What is being asked: Pick each line that has "then" out of the records.

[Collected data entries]
====================

lemma conj_mem_idems:
  assumes x: "x \<in> S" and e: "e \<in> idems S (*)"
  shows "x * e * ginv x \<in> idems S (*)"
proof -
  have eS: "e \<in> S" "e * e = e" using e mem_idems_iff by auto
  have c: "e * (ginv x * x) = (ginv x * x) * e"
    using idems_commute[OF e ginv_mult_self_mem_idems[OF x]] .
  have "(x * e * ginv x) * (x * e * ginv x) = x * (e * (ginv x * x)) * e * ginv x"
    by (simp add: mult.assoc)
  also have "\<dots> = x * e * ginv x"
    using c x eS by (simp add: mult.assoc mult_ginv_mult_left)
  finally show ?thesis
    unfolding mem_idems_iff using x eS mult_mem ginv_mem by auto
qed

lemma ginv_conj_mem_idems: "x \<in> S \<Longrightarrow> e \<in> idems S (*) \<Longrightarrow> ginv x * e * x \<in> idems S (*)"
  using conj_mem_idems[of "ginv x" e] ginv_ginv ginv_mem by auto

lemma natle_idems_iff:
  assumes "a \<in> idems S (*)" "b \<in> idems S (*)"
  shows "natle S (*) a b \<longleftrightarrow> a = b * a"
proof
  assume "natle S (*) a b"
  then obtain g where "g \<in> idems S (*)" "a = b * g" unfolding natle_def by blast
  then show "a = b * a" using assms mem_idems_iff by (metis mult.assoc)
qed (use assms in \<open>auto simp: natle_def\<close>)

lemma natle_iff:
  assumes x: "x \<in> S" and w: "w \<in> S"
  shows "natle S (*) x w \<longleftrightarrow> x = w * (ginv x * x)"
proof
  assume "natle S (*) x w"
  then obtain e where e: "e \<in> idems S (*)" "x = w * e" unfolding natle_def by blast
  have eS: "e \<in> S" "e * e = e" using e mem_idems_iff by auto
  have "ginv x = e * ginv w" using e(2) ginv_mult[OF w eS(1)] ginv_idem eS by simp
  then have "ginv x * x = e * (ginv w * w) * e" using e(2) by (simp add: mult.assoc)
  also have "\<dots> = (ginv w * w) * e"
    using idems_commute[OF e(1) ginv_mult_self_mem_idems[OF w]] eS by (simp add: mult.assoc)
  finally show "x = w * (ginv x * x)"
    using e(2) w by (simp add: mult.assoc mult_ginv_mult_left)
qed (use x ginv_mult_self_mem_idems in \<open>auto simp: natle_def\<close>)

lemma natle_antisym:
  assumes x: "x \<in> S" and y: "y \<in> S"
    and xy: "natle S (*) x y" and yx: "natle S (*) y x"
  shows "x = y"
proof -
  have dom_le: "ginv a * a = (ginv b * b) * (ginv a * a)"
    if a: "a \<in> S" and b: "b \<in> S" and ab: "natle S (*) a b" for a b
  proof -
    have da: "ginv a * a \<in> idems S (*)" and db: "ginv b * b \<in> idems S (*)"
      using a b ginv_mult_self_mem_idems by auto
    have ba: "b * (ginv a * a) = a" using natle_iff a b ab by simp
    then have ia: "ginv a = (ginv a * a) * ginv b"
      using ginv_mult[OF b, of "ginv a * a"] ginv_idem da mem_idems_iff by auto
    have "ginv a * a = ((ginv a * a) * ginv b) * (b * (ginv a * a))" using ia ba by simp
    also have "\<dots> = (ginv a * a) * (ginv b * b) * (ginv a * a)" by (simp add: mult.assoc)
    also have "\<dots> = (ginv b * b) * (ginv a * a)"
      using idems_commute[OF da db] da mem_idems_iff by (simp add: mult.assoc)
    finally show ?thesis .
  qed
  have "ginv x * x = ginv y * y"
    using dom_le[OF x y xy] dom_le[OF y x yx]
      idems_commute[OF ginv_mult_self_mem_idems[OF x] ginv_mult_self_mem_idems[OF y]] by simp
  then show ?thesis
    using natle_iff[OF x y] xy mult_ginv_mult[OF y] by simp
qed

lemma is_lub_in_unique:
  "A \<subseteq> S \<Longrightarrow> is_lub_in S (*) A s t j \<Longrightarrow> is_lub_in S (*) A s t j' \<Longrightarrow> j = j'"
  unfolding is_lub_in_def using natle_antisym by blast

lemma is_glb_in_unique:
  "A \<subseteq> S \<Longrightarrow> is_glb_in S (*) A s t j \<Longrightarrow> is_glb_in S (*) A s t j' \<Longrightarrow> j = j'"
  unfolding is_glb_in_def using natle_antisym by blast

lemma idems_glb:
  assumes e: "e \<in> idems S (*)" and f: "f \<in> idems S (*)"
  shows "is_glb_in S (*) (idems S (*)) e f (e * f)"
proof -
  have ef: "e * f \<in> idems S (*)" using idems_mult_mem e f by blast
  have "natle S (*) (e * f) e" "natle S (*) (e * f) f"
    using e f ef idems_commute[OF e f] natle_idems_iff mem_idems_iff by (metis mult.assoc)+
  moreover have "natle S (*) w (e * f)"
    if w: "w \<in> idems S (*)" "natle S (*) w e" "natle S (*) w f" for w
    using natle_idems_iff[OF w(1) e] natle_idems_iff[OF w(1) f] natle_idems_iff[OF w(1) ef] w
    by (metis mult.assoc)
  ultimately show ?thesis unfolding is_glb_in_def using ef by blast
qed

lemma compatible_mem_idems:
  assumes "compatible S (*) s t"
  shows "s * ginv t \<in> idems S (*)" "ginv s * t \<in> idems S (*)"
  using assms unfolding compatible_def by auto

====================

Written answer:
  then obtain g where "g \<in> idems S (*)" "a = b * g" unfolding natle_def by blast
  then show "a = b * a" using assms mem_idems_iff by (metis mult.assoc)
  then obtain e where e: "e \<in> idems S (*)" "x = w * e" unfolding natle_def by blast
  then have "ginv x * x = e * (ginv w * w) * e" using e(2) by (simp add: mult.assoc)
    then have ia: "ginv a = (ginv a * a) * ginv b"
  then show ?thesis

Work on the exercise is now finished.